▶ INFORMATION:
lemma inf_iso_isometric_deformation_face:
  assumes "inf_iso_isometric_deformation m n F V" "k < m" "l < n"
  obtains W where "inf_iso_congruence W" "\<And>i j. (i, j) \<in> face_corners k l \<Longrightarrow> V i j = W (F i j)"
  using assms unfolding inf_iso_isometric_deformation_def face_corners_def by blast

definition face_top_motion ::
    "(nat \<Rightarrow> nat \<Rightarrow> pt) \<Rightarrow> (nat \<Rightarrow> nat \<Rightarrow> pt) \<Rightarrow> nat \<Rightarrow> nat \<Rightarrow> real \<times> real \<times> real \<Rightarrow> bool" where
  "face_top_motion F V k l p \<longleftrightarrow> (case p of (\<phi>, b1, b2) \<Rightarrow>
     \<forall>(i, j) \<in> face_corners k l. isotropic_vec (V i j - horizontal_motion \<phi> b1 b2 (F i j)))"

lemma face_top_motion_exists:
  assumes "inf_iso_isometric_deformation m n F V" "k < m" "l < n"
  shows "\<exists>p. face_top_motion F V k l p"
proof -
  obtain W where W: "inf_iso_congruence W" "\<And>i j. (i, j) \<in> face_corners k l \<Longrightarrow> V i j = W (F i j)"
    using inf_iso_isometric_deformation_face[OF assms] by blast
  obtain \<phi> b1 b2 where "\<And>x. isotropic_vec (W x - horizontal_motion \<phi> b1 b2 x)"
    using inf_iso_congruence_horizontal_part[OF W(1)] by blast
  then have "face_top_motion F V k l (\<phi>, b1, b2)"
    unfolding face_top_motion_def using W(2) by auto
  then show ?thesis ..
qed

lemma face_top_motion_unique:
  assumes "face_top_motion F V k l p" "face_top_motion F V k' l' p'"
    and "(i, j) \<in> face_corners k l \<inter> face_corners k' l'" "(i', j') \<in> face_corners k l \<inter> face_corners k' l'"
    and "\<not> isotropic_vec (F i j - F i' j')"
  shows "p = p'"
proof -
  obtain \<phi> b1 b2 \<phi>' b1' b2' where p: "p = (\<phi>, b1, b2)" "p' = (\<phi>', b1', b2')"
    using prod_cases3 by metis
  show ?thesis
    unfolding p by (rule horizontal_motion_unique[OF _ _ _ _ assms(5)])
      (use assms(1-4) in \<open>auto simp: face_top_motion_def p\<close>)
qed

lemma deformation_horizontal_motion:
  assumes dc: "dual_convex m n F" and V: "inf_iso_isometric_deformation m n F V"
  obtains \<phi> b1 b2 where "\<And>i j. i \<le> m \<Longrightarrow> j \<le> n \<Longrightarrow> isotropic_vec (V i j - horizontal_motion \<phi> b1 b2 (F i j))"
proof -
  have mn: "0 < m" "0 < n"
    using dc unfolding dual_convex_def by auto
  have row: "p = p'"
    if "Suc k < m" "l < n" "face_top_motion F V k l p" "face_top_motion F V (Suc k) l p'" for k l p p'
    using that dual_convex_edges_not_isotropic(1)[OF dc, of k l]
    by (intro face_top_motion_unique[of F V k l p "Suc k" l p' "Suc k" l "Suc k" "Suc l"])
      (auto simp: face_corners_def)
  have col: "p = p'"
    if "k < m" "Suc l < n" "face_top_motion F V k l p" "face_top_motion F V k (Suc l) p'" for k l p p'
    using that dual_convex_edges_not_isotropic(2)[OF dc, of k l]
    by (intro face_top_motion_unique[of F V k l p k "Suc l" p' k "Suc l" "Suc k" "Suc l"])
      (auto simp: face_corners_def)
  obtain p where p: "\<And>k l. k < m \<Longrightarrow> l < n \<Longrightarrow> face_top_motion F V k l p"
    by (rule grid_common_witness[OF mn, of "face_top_motion F V"])
      (use face_top_motion_exists[OF V] row col in blast)+
  obtain \<phi> b1 b2 where "p = (\<phi>, b1, b2)"
    by (cases p) auto
  have "isotropic_vec (V i j - horizontal_motion \<phi> b1 b2 (F i j))" if "i \<le> m" "j \<le> n" for i j
    using face_corners_cover[OF that mn] p \<open>p = _\<close> unfolding face_top_motion_def by fastforce
  then show ?thesis
    using that by blast
qed

section \<open>Slopes and curvature under isotropic motions\<close>

(* The inverse transpose of the top view (x, y) \<mapsto> (x - \<psi> y, y + \<psi> x) of x + iso_motion \<psi> c1 c2 b x. *)
definition motion_slope :: "real \<Rightarrow> real \<times> real \<Rightarrow> real \<times> real" where
  "motion_slope \<psi> s = ((fst s - \<psi> * snd s) / (1 + \<psi>\<^sup>2), (\<psi> * fst s + snd s) / (1 + \<psi>\<^sup>2))"

lemma one_plus_square_pos: "0 < 1 + (\<psi>::real)\<^sup>2"
  by (simp add: add_pos_nonneg)

lemma motion_slope_0 [simp]: "motion_slope 0 s = s"
  by (simp add: motion_slope_def)

lemma det2_motion_slope: "det2 (motion_slope \<psi> x) (motion_slope \<psi> y) = det2 x y / (1 + \<psi>\<^sup>2)"
proof -
  define A where "A = (fst x - \<psi> * snd x) * (\<psi> * fst y + snd y)"
  define B where "B = (\<psi> * fst x + snd x) * (fst y - \<psi> * snd y)"
  have "det2 (motion_slope \<psi> x) (motion_slope \<psi> y) = A / ((1 + \<psi>\<^sup>2) * (1 + \<psi>\<^sup>2)) - B / ((1 + \<psi>\<^sup>2) * (1 + \<psi>\<^sup>2))"
    unfolding motion_slope_def det2_def A_def B_def fst_conv snd_conv by (simp only: times_divide_times_eq)
  also have "\<dots> = (A - B) / ((1 + \<psi>\<^sup>2) * (1 + \<psi>\<^sup>2))"
    by (rule diff_divide_distrib[symmetric])
  also have "A - B = det2 x y * (1 + \<psi>\<^sup>2)"
    unfolding A_def B_def det2_def by (simp add: algebra_simps power2_eq_square)
  finally show ?thesis
    using one_plus_square_pos[of \<psi>] by simp
qed

lemma motion_slope_inverse:
  "fst (motion_slope \<psi> r) + \<psi> * snd (motion_slope \<psi> r) = fst r"
  "snd (motion_slope \<psi> r) - \<psi> * fst (motion_slope \<psi> r) = snd r"
proof -
  define D where "D = 1 + \<psi>\<^sup>2"
  have "D \<noteq> 0"
    using one_plus_square_pos[of \<psi>] unfolding D_def by linarith
  moreover have "motion_slope \<psi> r = ((fst r - \<psi> * snd r) / D, (\<psi> * fst r + snd r) / D)"
    unfolding motion_slope_def D_def ..
  ultimately show "fst (motion_slope \<psi> r) + \<psi> * snd (motion_slope \<psi> r) = fst r"
    "snd (motion_slope \<psi> r) - \<psi> * fst (motion_slope \<psi> r) = snd r"
    by (simp_all add: field_simps) (simp_all add: D_def algebra_simps power2_eq_square)
qed

lemma has_slope_iso_motion_image:
  assumes "has_slope S s"
  shows "has_slope ((\<lambda>x. x + iso_motion \<psi> c1 c2 b x) ` S) (motion_slope \<psi> (fst s + c1, snd s + c2))"
proof -
  obtain c where c: "\<forall>P\<in>S. P$3 = fst s * P$1 + snd s * P$2 + c"
    using assms unfolding has_slope_def by blast
  define R where "R = motion_slope \<psi> (fst s + c1, snd s + c2)"
  have R: "fst R + \<psi> * snd R = fst s + c1" "snd R - \<psi> * fst R = snd s + c2"
    unfolding R_def motion_slope_inverse by simp_all
  show ?thesis
    unfolding has_slope_def R_def[symmetric]
  proof (intro exI ballI)
    fix Y assume "Y \<in> (\<lambda>x. x + iso_motion \<psi> c1 c2 b x) ` S"
    then obtain P where P: "P \<in> S" and Y: "Y = P + iso_motion \<psi> c1 c2 b P"
      by blast
    have "fst R * Y$1 + snd R * Y$2
        = (fst R + \<psi> * snd R) * P$1 + (snd R - \<psi> * fst R) * P$2 + fst R * b$1 + snd R * b$2"
      by (simp add: Y algebra_simps)
    also have "\<dots> = (fst s + c1) * P$1 + (snd s + c2) * P$2 + fst R * b$1 + snd R * b$2"
      unfolding R ..
    finally show "Y$3 = fst R * Y$1 + snd R * Y$2 + (c + b$3 - fst R * b$1 - snd R * b$2)"
      using c P by (simp add: Y algebra_simps)
  qed
qed

lemma in_isotropic_plane_iso_motion_image:
  assumes "in_isotropic_plane ((\<lambda>x. x + iso_motion \<psi> c1 c2 b x) ` S)"
  shows "in_isotropic_plane S"
proof -
  obtain a \<gamma> where a: "a \<noteq> 0" "a$3 = 0"
    and image: "(\<lambda>x. x + iso_motion \<psi> c1 c2 b x) ` S \<subseteq> {x. a \<bullet> x = \<gamma>}"
    using assms unfolding in_isotropic_plane_def by auto
  have inner_a: "a \<bullet> x = a$1 * x$1 + a$2 * x$2" for x
    using a(2) by (simp only: inner_vec_def sum_3) simp
  define a' :: pt where "a' = vector [a$1 + \<psi> * a$2, a$2 - \<psi> * a$1, 0]"
  have "a' \<noteq> 0"
  proof
    assume "a' = 0"
    then have "a'$1 = 0" "a'$2 = 0"
      by simp_all
    then have "a$1 + \<psi> * a$2 = 0" "a$2 - \<psi> * a$1 = 0"
      unfolding a'_def by (simp_all only: vector_3)
    then have "a$1 * (1 + \<psi>\<^sup>2) = 0"
      by (simp add: algebra_simps power2_eq_square)
    then have "a$1 = 0" "a$2 = 0"
      using one_plus_square_pos[of \<psi>] \<open>a$2 - \<psi> * a$1 = 0\<close> by simp_all
    with a show False
      by (simp add: vec_eq_iff forall_3)
  qed
  moreover have "S \<subseteq> {x. a' \<bullet> x = \<gamma> - a$1 * b$1 - a$2 * b$2}"
  proof
    fix P assume "P \<in> S"
    then have "a \<bullet> (P + iso_motion \<psi> c1 c2 b P) = \<gamma>"
      using image by blast
    then show "P \<in> {x. a' \<bullet> x = \<gamma> - a$1 * b$1 - a$2 * b$2}"
      unfolding inner_a by (simp add: a'_def inner_vec_def sum_3 algebra_simps)
  qed
  moreover have "a'$3 = 0"
    by (simp add: a'_def)
  ultimately show ?thesis
    unfolding in_isotropic_plane_def by auto
qed

lemma subtract_horizontal_motion_point:
  fixes t :: real
  assumes X: "X = iso_motion \<psi> c1 c2 b P" and iso: "isotropic_vec (X - horizontal_motion \<phi> b1 b2 P)"
  defines "P' \<equiv> P + t *\<^sub>R (X - horizontal_motion \<phi> b1 b2 P)"
  shows "P' = P + iso_motion 0 (t * c1) (t * c2) (vector [0, 0, t * b$3]) P"
    and "P + t *\<^sub>R X = P' + iso_motion (t * \<phi>) 0 0 (vector [t * b1, t * b2, 0]) P'"
proof -
  have isotropic_part: "X - horizontal_motion \<phi> b1 b2 P = vector [0, 0, c1 * P$1 + c2 * P$2 + b$3]"
    using X iso by (simp add: isotropic_vec_def vec_eq_iff forall_3)
  show "P' = P + iso_motion 0 (t * c1) (t * c2) (vector [0, 0, t * b$3]) P"
    unfolding P'_def isotropic_part by (simp add: vec_eq_iff forall_3 algebra_simps)
  have "P + t *\<^sub>R X = P' + t *\<^sub>R horizontal_motion \<phi> b1 b2 P"
    unfolding P'_def by (simp add: algebra_simps)
  also have "\<dots> = P' + iso_motion (t * \<phi>) 0 0 (vector [t * b1, t * b2, 0]) P'"
    unfolding P'_def isotropic_part by (simp add: vec_eq_iff forall_3 algebra_simps)
  finally show "P + t *\<^sub>R X = P' + iso_motion (t * \<phi>) 0 0 (vector [t * b1, t * b2, 0]) P'" .
qed

lemma face_dual_top_subtract_horizontal_motion:
  assumes dc: "dual_convex m n F" and kl: "k < m" "l < n"
    and W: "inf_iso_congruence W" "\<And>i j. (i, j) \<in> face_corners k l \<Longrightarrow> V i j = W (F i j)"
    and iso: "\<And>i j. (i, j) \<in> face_corners k l \<Longrightarrow> isotropic_vec (V i j - horizontal_motion \<phi> b1 b2 (F i j))"
  shows "face_dual_top (\<lambda>i j. F i j + t *\<^sub>R V i j) k l
       = motion_slope (t * \<phi>) (face_dual_top (\<lambda>i j. F i j + t *\<^sub>R (V i j - horizontal_motion \<phi> b1 b2 (F i j))) k l)"
proof -
  obtain \<psi> c1 c2 b where "W = iso_motion \<psi> c1 c2 b"
    using W(1) unfolding inf_iso_congruence_iff by blast
  define G where "G i j = F i j + t *\<^sub>R V i j" for i j
  define G' where "G' i j = F i j + t *\<^sub>R (V i j - horizontal_motion \<phi> b1 b2 (F i j))" for i j
  define shear where "shear x = x + iso_motion 0 (t * c1) (t * c2) (vector [0, 0, t * b$3]) x" for x
  define turn where "turn x = x + iso_motion (t * \<phi>) 0 0 (vector [t * b1, t * b2, 0]) x" for x
  have corner: "G' i j = shear (F i j)" "G i j = turn (G' i j)" if "(i, j) \<in> face_corners k l" for i j
  proof -
    have "V i j = iso_motion \<psi> c1 c2 b (F i j)"
      using W(2)[OF that] \<open>W = _\<close> by simp
    then show "G' i j = shear (F i j)" "G i j = turn (G' i j)"
      unfolding G_def G'_def shear_def turn_def by (rule subtract_horizontal_motion_point[OF _ iso[OF that]])+
  qed
  have vertices': "face_vertices G' k l = shear ` face_vertices F k l"
    using corner(1) by (rule face_vertices_cong_image)
  have vertices: "face_vertices G k l = turn ` face_vertices G' k l"
    using corner(2) by (rule face_vertices_cong_image)
  obtain s where s: "has_slope (face_vertices F k l) s"
    using dual_convex_face_has_slope[OF dc kl] by blast
  define s' where "s' = (fst s + t * c1, snd s + t * c2)"
  have slope': "has_slope (face_vertices G' k l) s'"
    using has_slope_iso_motion_image[OF s, of 0 "t * c1" "t * c2"]
    unfolding vertices' shear_def s'_def by simp
  have nonisotropic': "\<not> in_isotropic_plane (face_vertices G' k l)"
    using dual_convex_face_not_isotropic[OF dc kl] in_isotropic_plane_iso_motion_image
    unfolding vertices' shear_def by blast
  have slope: "has_slope (face_vertices G k l) (motion_slope (t * \<phi>) s')"
    using has_slope_iso_motion_image[OF slope', of "t * \<phi>" 0 0]
    unfolding vertices turn_def by simp
  have nonisotropic: "\<not> in_isotropic_plane (face_vertices G k l)"
    using nonisotropic' in_isotropic_plane_iso_motion_image
    unfolding vertices turn_def by blast
  show ?thesis
    using the_slope_eq[OF nonisotropic slope] the_slope_eq[OF nonisotropic' slope']
    unfolding face_dual_top_eq_the_slope G_def[symmetric] G'_def[symmetric] by simp
qed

▶ WHAT YOU HAVE TO DO:
In the records above, find each line that holds the word "dots"; copy all such lines.

▶ EXERCISE ANSWER:
  also have "\<dots> = (A - B) / ((1 + \<psi>\<^sup>2) * (1 + \<psi>\<^sup>2))"
    also have "\<dots> = (fst s + c1) * P$1 + (snd s + c2) * P$2 + fst R * b$1 + snd R * b$2"
  also have "\<dots> = P' + iso_motion (t * \<phi>) 0 0 (vector [t * b1, t * b2, 0]) P'"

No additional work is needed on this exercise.